Ayat Surah An Nisa 4:59 secara eksplisit menyerukan tiga pilar ketaatan: ketaatan kepada Allah, ketaatan kepada Rasul, dan ketaatan kepada ulil amri (pemegang urusan atau pemimpin). Ketaatan kepada Allah merupakan fondasi utama, karena hanya Allah yang Maha Pencipta, Maha Pengatur, dan Maha Mengetahui segala sesuatu. Ketaatan kepada Rasul adalah manifestasi ketaatan kepada Allah, karena Rasulullah Muhammad SAW adalah utusan Allah yang menyampaikan wahyu dan mencontohkan ajaran-Nya melalui sunnahnya.
Unsur ketiga, yaitu ketaatan kepada ulil amri, menyoroti pentingnya tatanan masyarakat yang teratur. Ulil amri di sini dapat diartikan sebagai para pemimpin, penguasa, hakim, atau siapa pun yang memiliki otoritas dan tanggung jawab dalam mengelola urusan umat. Ketaatan ini bukanlah absolut, melainkan terikat pada batasan syariat Islam. Seorang Muslim diperintahkan untuk taat kepada pemimpin selama pemimpin tersebut tidak memerintahkan kemaksiatan kepada Allah. Jika ada perintah yang bertentangan dengan ajaran agama, maka ketaatan kepada Allah dan Rasul menjadi prioritas utama.

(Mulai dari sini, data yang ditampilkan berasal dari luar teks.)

(* For every $m\ge1$ there is a market with $m$ items and $m+1$ unit-demand buyers whose minimum Walrasian revenue is $m$, and for which there exist a selling order of the items and a subgame perfect equilibrium of the sequential first-price auction with revenue $1$.
   Context: Unit demand: buyer $i$ has values $v_{i,j}\ge0$ and $v_i(S)=\max_{j\in S}v_{i,j}$, $v_i(\emptyset)=0$; utility is quasi-linear. A Walrasian equilibrium is a price vector $p\ge0$ and an allocation of every item to a buyer such that each buyer's bundle maximizes $v_i(T)-\sum_{j\in T}p_j$ over all bundles $T$; a minimum Walrasian equilibrium has prices coordinatewise at most those of every Walrasian equilibrium, and the minimum Walrasian revenue is the sum of its prices. In a sequential first-price auction the items are sold one at a time in the given order, each by a sealed-bid first-price auction without reserve price (highest bidder wins, ties broken by a seller-chosen rule, winner pays his bid). Full information. A subgame perfect equilibrium is a (pure) strategy profile that is a Nash equilibrium in every subgame; its revenue is the total payment on the equilibrium path. *)

theory Defs
  imports Complex_Main
begin

(* Buyers are 0..<n, items are 0..<m, v i j is buyer i's value for item j. *)

definition unit_val :: "(nat \<Rightarrow> nat \<Rightarrow> real) \<Rightarrow> nat \<Rightarrow> nat set \<Rightarrow> real" where
  "unit_val v i S = (if S = {} then 0 else Max ((v i) ` S))"

definition walrasian_eq ::
  "nat \<Rightarrow> nat \<Rightarrow> (nat \<Rightarrow> nat \<Rightarrow> real) \<Rightarrow> (nat \<Rightarrow> real) \<Rightarrow> (nat \<Rightarrow> nat) \<Rightarrow> bool" where
  "walrasian_eq n m v p a \<longleftrightarrow>
     (\<forall>j<m. 0 \<le> p j) \<and> (\<forall>j<m. a j < n) \<and>
     (\<forall>i<n. \<forall>T. T \<subseteq> {..<m} \<longrightarrow>
        unit_val v i T - sum p T
          \<le> unit_val v i {j. j < m \<and> a j = i} - sum p {j. j < m \<and> a j = i})"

Bagian kedua dari ayat ini memberikan panduan krusial mengenai cara menyelesaikan setiap perselisihan atau perbedaan pendapat yang muncul di antara kaum Muslimin. Jika terjadi pertentangan, maka penyelesaiannya harus dikembalikan kepada dua sumber utama ajaran Islam: Al-Qur'an (kitab Allah) dan Sunnah Rasulullah SAW. Ini menekankan bahwa setiap permasalahan, sekecil apapun, harus ditinjau dan diselesaikan berdasarkan prinsip-prinsip ilahi dan tuntunan Nabi.
Merujuk pada Al-Qur'an dan Sunnah bukan hanya sekadar kewajiban, tetapi juga merupakan bukti keimanan yang kokoh. Ayat ini secara tegas menyatakan, "jika kamu benar-benar beriman kepada Allah dan hari kemudian." Ini berarti, cara kita menghadapi perbedaan pendapat mencerminkan kedalaman keyakinan kita. Sikap mengembalikan segala urusan kepada Allah dan Rasul adalah cerminan dari kesadaran bahwa hanya dalam wahyu Ilahiyah terdapat kebenaran mutlak dan solusi terbaik.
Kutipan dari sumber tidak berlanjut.